Using deep neural network (DNN) models to predict in-hospital mortality and identify high-risk surgical patients produces better or similar results as currently published risk scores, a new study suggests. This application of deep learning could lead to more effective care for high-risk patients and better allocation of hospital resources, according to the researchers.
“Patients undergoing surgery are often at higher risk of instability during surgery as well as poor postoperative outcomes such as in-hospital mortality,” said Christine Lee, MS, study author and PhD candidate in the Department of Biomedical Engineering at the University of California, Irvine. “Our study shows that DNN models can be calculated on all patients, leveraging the complexity of both preoperative and intraoperative data to improve the classification of in-hospital mortality in surgical patients.”
There are more than 230 million major surgical procedures performed globally each year (Lancet 2008;372:139-144). Although the overall mortality rate from these procedures is less than 2%, the overwhelming majority of postoperative deaths is attributable to high-risk patients (Crit Care 2006;10:R81; Lancet2012;380:1059-1065), Ms. Lee reported. While current risk scores such as the American Society of Anesthesiologists physical status classification system (ASA status), Postoperative Score to Predict Postoperative Mortality (POSPOM) and Risk Quantification Index (RQI) have shown success in identifying patients at risk for in-hospital mortality, they are limited to preoperative information (Ann R Coll Surg Engl 2014;96:352-358). In addition, the ASA status is thought to be relatively subjective on the part of the physician who analyzes the risk.
Features of the Model
As part of her doctoral thesis, Ms. Lee and her colleagues used surgical data from 59,985 patients from the UCLA Medical Center to build DNN models, a set of algorithms designed to recognize patterns. These data included all surgical procedures performed with general anesthesia since March 1, 2013. Patients older than 89 years or younger than 18 years were excluded from the study, as were cases not performed with general anesthesia. The researchers also calculated or extracted 87 intraoperative features, including descriptive intraoperative vital signs, interventions and anesthesia descriptions.
“We had a pretty wide variety of surgery types, including 1,498 unique CPT [Current Procedural Terminology] codes and 167 unique HCUP [Healthcare Cost and Utilization Project] codes,” Ms. Lee said.
Of the approximately 60,000 cases included in the study, about 20% were used as test data.
Ms. Lee and her team developed four “deep” feed-forward neural networks, which had at least three hidden layers between the input and output layers—where each successive layer computes increasingly complex information. The input layer was data and the output layer was the probability of in-hospital mortality.
“The objective of any neural network or model is to optimize a loss function, which is used to update all the neurons in hidden layers of network,” Ms. Lee explained.

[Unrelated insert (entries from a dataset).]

lemma boff_Suc_eq_sum: "boff f (Suc m) = (\<Sum>j\<in>{1..m}. f j)"
  unfolding boff_def by (simp add: atLeastLessThanSuc_atLeastAtMost)

lemma boff_add_le_Suc: "j \<in> {1..m} \<Longrightarrow> boff f j + f j \<le> boff f (Suc m)"
  using boff_add_le[of j m f] boff_Suc[of m f] by (cases "j = m") auto

lemma inblk_exists: "r < boff f (Suc m) \<Longrightarrow> \<exists>i\<in>{1..m}. inblk f i r"
proof (induction m)
  case 0
  then show ?case by (simp add: boff_def)
next
  case (Suc m)
  show ?case
  proof (cases "r < boff f (Suc m)")
    case True
    then show ?thesis using Suc.IH by auto
  next
    case False
    then have "inblk f (Suc m) r"
      using Suc.prems boff_Suc[of "Suc m" f] unfolding inblk_def by simp
    then show ?thesis by auto
  qed
qed

lemma inblk_unique: "inblk f i r \<Longrightarrow> inblk f i' r \<Longrightarrow> 1 \<le> i \<Longrightarrow> 1 \<le> i' \<Longrightarrow> i = i'"
  using boff_add_le[of i i' f] boff_add_le[of i' i f] unfolding inblk_def
  by (cases i i' rule: linorder_cases) auto

lemma sum_lessThan_boff:
  "(\<Sum>c<boff f (Suc m). g c) = (\<Sum>j\<in>{1..m}. \<Sum>c\<in>{boff f j..<boff f j + f j}. g c)"
proof (induction m)
  case 0
  then show ?case by (simp add: boff_def)
next
  case (Suc m)
  have "(\<Sum>c<boff f (Suc (Suc m)). g c)
      = (\<Sum>c<boff f (Suc m). g c) + (\<Sum>c\<in>{boff f (Suc m)..<boff f (Suc m) + f (Suc m)}. g c)"
    by (simp add: boff_Suc sum.atLeastLessThan_concat[symmetric] lessThan_atLeast0)
  then show ?case using Suc.IH by simp
qed

section \<open>Orthogonal projections\<close>

lemma oproj_char:
  fixes U :: "'a::euclidean_space set"
  assumes U: "subspace U"
  shows "oproj U x \<in> U \<and> (\<forall>u\<in>U. (x - oproj U x) \<bullet> u = 0)"
proof -
  obtain y z where y: "y \<in> span U" and z: "\<And>w. w \<in> span U \<Longrightarrow> orthogonal z w" and xyz: "x = y + z"
    using orthogonal_subspace_decomp_exists[of U x] by blast
  have sU: "span U = U" using U by (rule span_eq_iff[THEN iffD2])
  have yU: "y \<in> U" using y sU by simp
  have zo: "(x - y) \<bullet> u = 0" if "u \<in> U" for u
    using z[of u] that sU xyz unfolding orthogonal_def by simp
  have uniq: "y' = y" if "y' \<in> U" "\<forall>u\<in>U. (x - y') \<bullet> u = 0" for y'
  proof -
    have d: "y - y' \<in> U" using that(1) yU U by (simp add: subspace_diff)
    have "(y - y') \<bullet> (y - y') = (x - y') \<bullet> (y - y') - (x - y) \<bullet> (y - y')"
      by (simp add: inner_diff_left)
    then show ?thesis using that(2) d zo[OF d] by simp
  qed
  have "oproj U x = y"
    unfolding oproj_def using yU zo uniq by (intro the_equality) blast+
  then show ?thesis using yU zo by simp
qed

The first DNN m odel used all 87 original features. The second used 46, excluding features such as average, median and standard deviations, and anything from the last 10 minutes of a surgical case. The third model included the 87 original features and added ASA status as a feature. The fourth model used 46 features plus ASA status as a feature.
Model performance was measured using area under the receiving operating characteristic curve (AUC). For comparison, the AUCs of ASA status, surgical Apgar score, RQI and POSPOM also were calculated. Ms. Lee reported that RQI could not be calculated for many patients due to lack of RQI score weights for their CPT codes.
ASA Status Score Counts
As expected, surgical Apgar score had a very low AUC (0.58), Ms. Lee reported. ASA status did “pretty well” with an AUC of 0.84, while RQI was even more reliable with an AUC of 0.91.
The best DNN architecture consisted of four hidden layers with 300 neurons in each layer. Incorporating ASA status score as a feature improved the DNN AUC performance for both feature sets, but the reduced feature set performed slightly better than the full one.
“Overall, the DNN with a reduced feature set and ASA status as a feature set performed the best,” Ms. Lee said. “With an AUC of 0.91, it was comparable to the RQI score, but it should be noted that RQI could not be calculated on more than 50% of the data due to lack of score weights for CPT codes.”
She added, “Our DNN model can be used on all surgical patients and leverages both preoperative ASA assessment as well as intraoperative events.”
Kirk Shelley, MD, PhD, professor of anesthesiology and chief of the Ambulatory Division at Yale University School of Medicine, in New Haven, Conn., called the research thought-provoking but questioned the inherent opaqueness of DNNs.
“It seems like data go in, magic occurs and the answers come out,” Dr. Shelley said. “Are you able to go back into the model and figure out how this brain works and make new observations?”
“Interpretability of DNNs is a formal area of theoretical research,” Ms. Lee said. “Our model has four hidden layers with 300 neurons each, so exponentially that’s a lot of parameters, but people are working on methods to make it more interpretable.”
“If interpretation is possible,” Dr. Shelley noted, “it would be a very interesting hypothesis-generating engine.”